2. The method of claim 1, wherein obtaining the plurality of information classes from the data to be verified comprises:

extracting the log data from a game server;

selecting the data to be verified from the log data according to a preset condition, wherein the data to be verified comprises: the method comprises the steps that a plurality of types of action data executed by a plurality of currently collected game characters in the same time dimension are respectively set as an information class.

3. The method of claim 1, further comprising, prior to constructing the detection model by comparing information gains for each of the plurality of information classes:

respectively calculating the information entropy corresponding to each information class according to the occupation proportion of each information class in the plurality of information classes;

setting whether each information class is characterized as abnormal behavior in the game as a judgment condition, and respectively calculating a condition entropy corresponding to each information class;

and calculating the information gain of each information class by adopting the information entropy corresponding to each information class and the conditional entropy corresponding to each information class.

4. The method of claim 1, wherein the processing step further comprises:

creating a surrogate model associated with the detection model if a change in the distribution of action data contained in the plurality of information classes is determined at the current build element, wherein the surrogate model comprises: and detecting all generated construction elements in the model.
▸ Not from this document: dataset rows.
lemma G_has_derivative: "(G has_real_derivative exp (-2 * c * x) * D x) (at x)"
proof -
  have "((\<lambda>u. LBINT y=(0::real)..u. exp (-2 * c * y) * D y) has_vector_derivative exp (-2 * c * x) * D x)
      (at x within {-\<bar>x\<bar>-1..\<bar>x\<bar>+1})"
  proof (rule interval_integral_FTC2)
    show "continuous_on {-\<bar>x\<bar>-1..\<bar>x\<bar>+1} (\<lambda>y. exp (-2 * c * y) * D y)"
      by (rule weight_continuous)
  qed auto
  moreover have "at x within {-\<bar>x\<bar>-1..\<bar>x\<bar>+1} = at x"
    by (rule at_within_Icc_at) auto
  ultimately show ?thesis
    by (simp add: has_real_derivative_iff_has_vector_derivative weight_integral_def[abs_def])
qed

lemma G_0 [simp]: "G 0 = 0"
  by (simp add: weight_integral_def)

lemma G_eq_set_integral: "0 \<le> x \<Longrightarrow> G x = (LINT u:{0..x}|lborel. exp (-2 * c * u) * D u)"
  by (simp add: weight_integral_def interval_integral_Icc)

lemma G_less: "x < y \<Longrightarrow> G x < G y"
  by (rule DERIV_pos_imp_increasing[of x y G]) (use G_has_derivative weight_pos in blast)+

lemma G_le: "x \<le> y \<Longrightarrow> G x \<le> G y"
  using G_less by (cases "x = y") (auto simp: less_imp_le)

lemma G_pos: "x > 0 \<Longrightarrow> G x > 0"
  using G_less[of 0 x] by simp

lemma G_shift: "G (x + 1) = G 1 + exp (-2 * c) * G x"
proof -
  have "((\<lambda>x. G (x + 1) - exp (-2 * c) * G x) has_real_derivative 0) (at x)" for x
  proof -
    have "((\<lambda>x. G (x + 1) - exp (-2 * c) * G x) has_real_derivative
        exp (-2 * c * (x + 1)) * D (x + 1) - exp (-2 * c) * (exp (-2 * c * x) * D x)) (at x)"
      by (auto intro!: derivative_eq_intros DERIV_chain2[OF G_has_derivative] G_has_derivative)
    moreover have "exp (-2 * c * (x + 1)) * D (x + 1) = exp (-2 * c) * (exp (-2 * c * x) * D x)"
      using D_periodic[of x] by (simp add: algebra_simps flip: exp_add)
    ultimately show ?thesis by simp
  qed
  then have "G (x + 1) - exp (-2 * c) * G x = G (0 + 1) - exp (-2 * c) * G 0"
    by (intro DERIV_isconst_all allI)
  then show ?thesis by simp
qed

lemma K_pos: "K > 0"
  using G_pos[of 1] exp_neg_2c by (simp add: weight_total_def)

lemma tail_eq: "tail x = (G (x + 1) - G x) / (1 - exp (-2 * c))"
  using G_shift[of x] exp_neg_2c by (simp add: weight_tail_def weight_total_def field_simps)

lemma tail_pos: "tail x > 0"
  using G_less[of x "x + 1"] exp_neg_2c by (simp add: tail_eq)

lemma tail_0: "tail 0 = K"
  by (simp add: weight_tail_def)

lemma tail_shift: "tail (x + 1) = exp (-2 * c) * tail x"
  using G_shift[of x] exp_neg_2c by (simp add: weight_tail_def weight_total_def field_simps)

lemma tail_has_derivative: "(tail has_real_derivative - (exp (-2 * c * x) * D x)) (at x)"
  unfolding weight_tail_def[abs_def] by (auto intro!: derivative_eq_intros G_has_derivative)

lemma tail_le_exp_neg: "0 \<le> x \<Longrightarrow> tail x \<le> K * exp (2 * c) * exp (-2 * c * x)"
proof -
  assume x: "0 \<le> x"
  have shift: "tail (y + real n) = exp (-2 * c) ^ n * tail y" for y n
  proof (induction n)
    case (Suc n)
    have "tail (y + real (Suc n)) = exp (-2 * c) * tail (y + real n)"
      using tail_shift[of "y + real n"] by (simp add: ac_simps)
    then show ?case
      using Suc by simp
  qed simp
  define n where "n = nat \<lfloor>x\<rfloor>"
  have n: "real n \<le> x" "x < real n + 1"
    unfolding n_def using x by linarith+
  have "tail x = exp (-2 * c) ^ n * tail (x - real n)"
    using shift[of "x - real n" n] by simp
  also have "\<dots> \<le> exp (-2 * c) ^ n * K"
    using n(1) G_le[of 0 "x - real n"] by (intro mult_left_mono) (simp_all add: weight_tail_def)
  also have "exp (-2 * c) ^ n = exp (-2 * c * real n)"
    by (simp add: exp_of_nat_mult[symmetric] mult_ac)
  also have "\<dots> \<le> exp (2 * c) * exp (-2 * c * x)"
  proof -
    have "2 * c * x \<le> 2 * c * (real n + 1)"
      using n(2) c_pos by (intro mult_left_mono) auto
    then show ?thesis
      by (simp add: algebra_simps flip: exp_add)
  qed
  finally show ?thesis
    using K_pos by (simp add: mult_ac mult_right_mono)
qed

lemma tail_tendsto_0: "(tail \<longlongrightarrow> 0) at_top"
proof (rule tendsto_0_if_exp_neg_bound)
  show "\<forall>\<^sub>F x in at_top. 0 \<le> tail x \<and> tail x \<le> K * exp (2 * c) * exp (- (2 * c) * x)"
    using eventually_ge_at_top[of 0]
    by eventually_elim (use tail_pos tail_le_exp_neg in \<open>auto intro: less_imp_le\<close>)
qed (use c_pos in simp)

lemma exp_mult_tail_tendsto_0: "((\<lambda>x. exp (c * x) * tail x) \<longlongrightarrow> 0) at_top"
proof (rule tendsto_0_if_exp_neg_bound)
  have bound: "exp (c * x) * tail x \<le> K * exp (2 * c) * exp (- c * x)" if "0 \<le> x" for x
  proof -
    have "exp (c * x) * tail x \<le> exp (c * x) * (K * exp (2 * c) * exp (-2 * c * x))"
      using tail_le_exp_neg[OF that] by (intro mult_left_mono) auto
    also have "\<dots> = K * exp (2 * c) * exp (- c * x)"
      by (simp add: algebra_simps flip: exp_add)
    finally show ?thesis .
  qed
  show "\<forall>\<^sub>F x in at_top. 0 \<le> exp (c * x) * tail x \<and> exp (c * x) * tail x \<le> K * exp (2 * c) * exp (- c * x)"
    using eventually_ge_at_top[of 0]
    by eventually_elim (use bound tail_pos in \<open>auto intro: less_imp_le\<close>)
qed (use c_pos in simp)

lemma hper_eq_tail:
  assumes "c = lam * T"
  shows "hper lam T D x = exp (2 * c * x) * tail x"
proof -
  have "((\<lambda>u. exp (-2 * c * u) * D u) has_integral (G (x + 1) - G x)) {x..x + 1}"
  proof (rule fundamental_theorem_of_calculus)
    show "(G has_vector_derivative exp (-2 * c * u) * D u) (at u within {x..x + 1})" for u
      using G_has_derivative
      by (simp add: has_real_derivative_iff_has_vector_derivative[symmetric] has_field_derivative_at_within)
  qed simp
  moreover have "hper lam T D x
      = exp (2 * c * x) / (1 - exp (-2 * c)) * integral {x..x + 1} (\<lambda>u. exp (-2 * c * u) * D u)"
    unfolding hper_def assms by (simp add: mult.assoc)
  ultimately show ?thesis
    by (simp add: integral_unique tail_eq)
qed

lemma optimal_path_has_derivative:
  "(optimal_path c D \<delta> M has_real_derivative optimal_path_deriv c D \<delta> M u) (at u)"
proof -
  have "((\<lambda>u. \<delta> * exp (c * u)) has_real_derivative \<delta> * (exp (c * u) * c)) (at u)"
    by (auto intro!: derivative_eq_intros)
  moreover have "((\<lambda>u. 1 - G u / M) has_real_derivative 0 - exp (-2 * c * u) * D u / M) (at u)"
    by (intro DERIV_diff DERIV_const DERIV_cdivide G_has_derivative)
  ultimately have "(optimal_path c D \<delta> M has_real_derivative
      \<delta> * (exp (c * u) * c) * (1 - G u / M) + (0 - exp (-2 * c * u) * D u / M) * (\<delta> * exp (c * u))) (at u)"
    unfolding optimal_path_def[abs_def] by (rule DERIV_mult)
  moreover have "exp (c * u) * exp (-2 * c * u) = exp (- c * u)"
    by (simp flip: exp_add)
  ultimately show ?thesis
    by (simp add: optimal_path_deriv_def optimal_path_def algebra_simps)
qed

lemma optimal_path_0 [simp]: "optimal_path c D \<delta> M 0 = \<delta>"
  by (simp add: optimal_path_def)

lemma optimal_path_H1_loc: "H1_loc (optimal_path c D \<delta> M) (optimal_path_deriv c D \<delta> M)"
proof (rule H1_loc_if_continuous_derivative[OF optimal_path_has_derivative])
  have "continuous_on UNIV (optimal_path c D \<delta> M)"
    using optimal_path_has_derivative by (intro DERIV_continuous_on) (auto intro: has_field_derivative_at_within)
  then show "continuous_on UNIV (optimal_path_deriv c D \<delta> M)"
    unfolding optimal_path_deriv_def[abs_def] by (intro continuous_intros D_continuous)
qed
5. The method of claim 4, wherein determining, at the current build element, that a change has occurred in a distribution of action data contained in the plurality of information classes comprises:

adding an action attribute value corresponding to each game role in a plurality of currently collected game roles to a sliding window, wherein the action attribute value represents whether an action executed by each game role is abnormal or not;

dividing the sliding window into a first part of sub-windows and a second part of sub-windows;

when the absolute value of the difference value between the first parameter value and the second parameter value is determined to be greater than or equal to a preset threshold value, continuously discarding the latest data added to the sliding window, and determining that the motion data distribution changes until the absolute value is smaller than the preset threshold value, wherein the first parameter value is the average value of the data in the first part of sub-windows, and the second parameter value is the average value of the data in the second part of sub-windows.

6. The method of claim 4, after creating the surrogate model, further comprising:

comparing the detection model with the substitution model by adopting a preset judgment index, wherein the preset judgment index comprises at least one of the following indexes: recall rate, accuracy;

and when the judgment result shows that the substitution model is better than the detection model, replacing the detection model by adopting the substitution model.
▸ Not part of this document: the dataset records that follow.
lemma wedge_point_pole2: "wedge_point i pole2 = (\<lambda>_. 0)"
proof
  fix n
  have "n mod card U < card U" using card_U_pos by simp
  then show "wedge_point i pole2 n = 0"
    unfolding wedge_point_def pole2_def using vertex_at_in_U vertex_at_eq_v0_iff by simp
qed

lemma pole2_in_sphere2: "pole2 \<in> sphere2"
proof -
  have "sqnorm pole2 = (pole2 v0)^2 + (\<Sum>u\<in>U-{v0}. (pole2 u)^2)" unfolding sqnorm_def
    by (rule sum_U_split_v0)
  also have "(\<Sum>u\<in>U-{v0}. (pole2 u)^2) = 0" by (intro sum.neutral) (simp add: pole2_def)
  also have "pole2 v0 = -1" using v0U by (simp add: pole2_def)
  finally have "sqnorm pole2 = 1" by simp
  moreover have "pole2 \<in> extensional U" unfolding pole2_def by simp
  ultimately show ?thesis unfolding sphere2_def by simp
qed

lemma sqnorm_block:
  "sqnorm (block w i) = (w (i * card U) - 1)^2 + (\<Sum>j\<in>{i * card U<..<(i + 1) * card U}. (w j)^2)"
proof -
  define g where "g p = (w (i * card U + p) - (if p = 0 then 1 else 0))^2" for p
  have "sqnorm (block w i) = (\<Sum>v\<in>U. g (pos v))"
    unfolding sqnorm_def block_def g_def by (intro sum.cong) (simp_all add: pos_eq_0_iff)
  also have "\<dots> = (\<Sum>p\<in>{0..<card U}. g p)"
    using pos_bij by (rule sum.reindex_bij_betw)
  also have "\<dots> = g 0 + (\<Sum>p\<in>{Suc 0..<card U}. g p)" using card_U_pos
    by (simp add: sum.atLeast_Suc_lessThan)
  also have "(\<Sum>p\<in>{Suc 0..<card U}. g p) = (\<Sum>p\<in>{Suc 0..<card U}. (w (p + i * card U))^2)"
    unfolding g_def by (intro sum.cong) (simp_all add: add.commute)
  also have "\<dots> = (\<Sum>j\<in>{Suc 0 + i * card U..<card U + i * card U}. (w j)^2)"
    by (rule sum.shift_bounds_nat_ivl[symmetric])
  also have "{Suc 0 + i * card U..<card U + i * card U} = {i * card U<..<(i + 1) * card U}"
    by (auto simp: add.commute)
  finally show ?thesis unfolding g_def by simp
qed

lemma wedge_set_eq:
  "wedge_set = insert (\<lambda>_. 0) {x. \<exists>i<N. (\<forall>j. j \<notin> {i * card U..<(i + 1) * card U} \<longrightarrow> x j = 0) \<and>
     (x (i * card U) - 1)^2 + (\<Sum>j\<in>{i * card U<..<(i + 1) * card U}. (x j)^2) = 1}"
proof -
  have "\<not> int (card U) - 1 < 0" using card_U_pos by simp
  moreover have "nat (int (card U) - 1) + 1 = card U" using card_U_pos by simp
  ultimately show ?thesis unfolding wedge_set_def wedge_spheres_set_def Let_def by simp
qed

lemma div_eq_iff_in_block: "(n div card U = i) \<longleftrightarrow> n \<in> {i * card U..<(i + 1) * card U}"
proof
  assume h: "n div card U = i"
  have e: "n = i * card U + n mod card U" using div_mult_mod_eq[of n "card U"] h by simp
  have "n mod card U < card U" using card_U_pos by simp
  then show "n \<in> {i * card U..<(i + 1) * card U}" using e by (simp del: div_mult_mod_eq)
next
  assume "n \<in> {i * card U..<(i + 1) * card U}"
  then have "card U * i \<le> n" "n < card U * Suc i" by (simp_all add: mult.commute)
  then show "n div card U = i" by (rule div_nat_eqI)
qed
7. The method of claim 1, wherein the splitting step further comprises:

after determining the next building element to be generated, acquiring a control command, wherein the control command is used for indicating that the splitting is stopped at the next building element to be generated.
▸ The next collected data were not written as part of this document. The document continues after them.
lemma orth_proj_in: "orth_proj M x \<in> M"
  and orth_proj_orthogonal: "z \<in> M \<Longrightarrow> inner (x - orth_proj M x) z = 0"
proof -
  have "\<exists>m. m \<in> M \<and> (\<forall>z\<in>M. inner (x - m) z = 0)"
    using closed_subspace_orthogonal_decomposition[OF closed subspace] by blast
  from someI_ex[OF this] show "orth_proj M x \<in> M" "z \<in> M \<Longrightarrow> inner (x - orth_proj M x) z = 0"
    unfolding orth_proj_def by auto
qed

lemma orth_proj_unique:
  assumes "m \<in> M" and "\<forall>z\<in>M. inner (x - m) z = 0"
  shows "orth_proj M x = m"
proof -
  have "orth_proj M x - m \<in> M"
    using orth_proj_in assms(1) subspace by (simp add: subspace_diff)
  then have "inner (orth_proj M x - m) (orth_proj M x - m)
      = inner (x - m) (orth_proj M x - m) - inner (x - orth_proj M x) (orth_proj M x - m)"
    by (simp add: inner_diff_left)
  also have "\<dots> = 0"
    using assms(2) orth_proj_orthogonal \<open>orth_proj M x - m \<in> M\<close> by simp
  finally show ?thesis by simp
qed

lemma orth_proj_id: "m \<in> M \<Longrightarrow> orth_proj M m = m"
  by (rule orth_proj_unique) auto

lemma range_orth_proj: "range (orth_proj M) = M"
  using orth_proj_in orth_proj_id by (metis image_subsetI rangeI subsetI subset_antisym)

lemma orth_proj_add: "orth_proj M (x + y) = orth_proj M x + orth_proj M y"
proof (rule orth_proj_unique)
  show "orth_proj M x + orth_proj M y \<in> M"
    using orth_proj_in subspace by (simp add: subspace_add)
  have "x + y - (orth_proj M x + orth_proj M y) = (x - orth_proj M x) + (y - orth_proj M y)"
    by simp
  then show "\<forall>z\<in>M. inner (x + y - (orth_proj M x + orth_proj M y)) z = 0"
    using orth_proj_orthogonal by (simp only: inner_add_left) simp
qed

lemma orth_proj_scaleR: "orth_proj M (r *\<^sub>R x) = r *\<^sub>R orth_proj M x"
proof (rule orth_proj_unique)
  show "r *\<^sub>R orth_proj M x \<in> M"
    using orth_proj_in subspace by (simp add: subspace_scale)
  have "r *\<^sub>R x - r *\<^sub>R orth_proj M x = r *\<^sub>R (x - orth_proj M x)"
    by (simp add: scaleR_right_diff_distrib)
  then show "\<forall>z\<in>M. inner (r *\<^sub>R x - r *\<^sub>R orth_proj M x) z = 0"
    using orth_proj_orthogonal by (simp only: inner_scaleR_left) simp
qed

lemma norm_orth_proj_le: "norm (orth_proj M x) \<le> norm x"
proof -
  have "orthogonal (orth_proj M x) (x - orth_proj M x)"
    using orth_proj_orthogonal orth_proj_in by (simp add: orthogonal_def inner_commute)
  then have "(norm (orth_proj M x + (x - orth_proj M x)))\<^sup>2
      = (norm (orth_proj M x))\<^sup>2 + (norm (x - orth_proj M x))\<^sup>2"
    by (rule norm_add_Pythagorean)
  then have "(norm (orth_proj M x))\<^sup>2 \<le> (norm x)\<^sup>2"
    by simp
  then show ?thesis
    by (rule power2_le_imp_le) simp
qed

lemma bounded_linear_orth_proj: "bounded_linear (orth_proj M)"
  using orth_proj_add orth_proj_scaleR norm_orth_proj_le
  by (intro bounded_linear_intro[where K = 1]) auto

lemma orth_proj_self_adjoint: "inner (orth_proj M x) y = inner x (orth_proj M y)"
proof -
  have "inner (orth_proj M x) y = inner (orth_proj M x) (orth_proj M y)"
    using orth_proj_orthogonal[of "orth_proj M x" y] orth_proj_in
    by (simp add: inner_diff_right inner_commute)
  also have "\<dots> = inner x (orth_proj M y)"
    using orth_proj_orthogonal[of "orth_proj M y" x] orth_proj_in by (simp add: inner_diff_left)
  finally show ?thesis .
qed

lemma orth_proj_commute:
  assumes "linear J" and "J ` M \<subseteq> M" and adj: "\<And>u v. inner (J u) v = - inner u (J v)"
  shows "orth_proj M (J x) = J (orth_proj M x)"
proof (rule orth_proj_unique)
  show "J (orth_proj M x) \<in> M"
    using assms(2) orth_proj_in by blast
  have "J x - J (orth_proj M x) = J (x - orth_proj M x)"
    using \<open>linear J\<close> by (simp add: linear_diff)
  then show "\<forall>z\<in>M. inner (J x - J (orth_proj M x)) z = 0"
    using assms(2) orth_proj_orthogonal adj by auto
qed

end

lemma complex_structure_adjoint:
  "complex_structure J \<Longrightarrow> inner (J u) v = - inner u (J v)"
  unfolding complex_structure_def by (metis inner_minus_left)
8. An apparatus for constructing a test model, comprising:

the system comprises an acquisition module, a verification module and a verification module, wherein the acquisition module is used for acquiring a plurality of information classes from data to be verified, the data to be verified is extracted from newly added log data in a preset range, the information classes are used for determining a detection model to be used, and the detection model is used for detecting abnormal behaviors in a game;

the construction module is used for constructing the detection model by comparing the information gain of each information class in the plurality of information classes;

wherein the building block comprises: a first comparing unit, configured to select a first information class and a second information class by comparing an information gain of each of the plurality of information classes, where the information gain of the first information class is a maximum value of the information gains of the plurality of information classes, and the information gain of the second information class is a second largest value of the information gains of the plurality of information classes; the processing unit is used for setting the action data corresponding to the first information class as a current construction element of the detection model when the difference value of the information gain of the first information class and the information gain of the second information class is larger than a preset threshold value; and the splitting unit is used for determining the next construction element to be generated according to the splitting condition corresponding to the first information class and returning the construction element to the first comparison unit.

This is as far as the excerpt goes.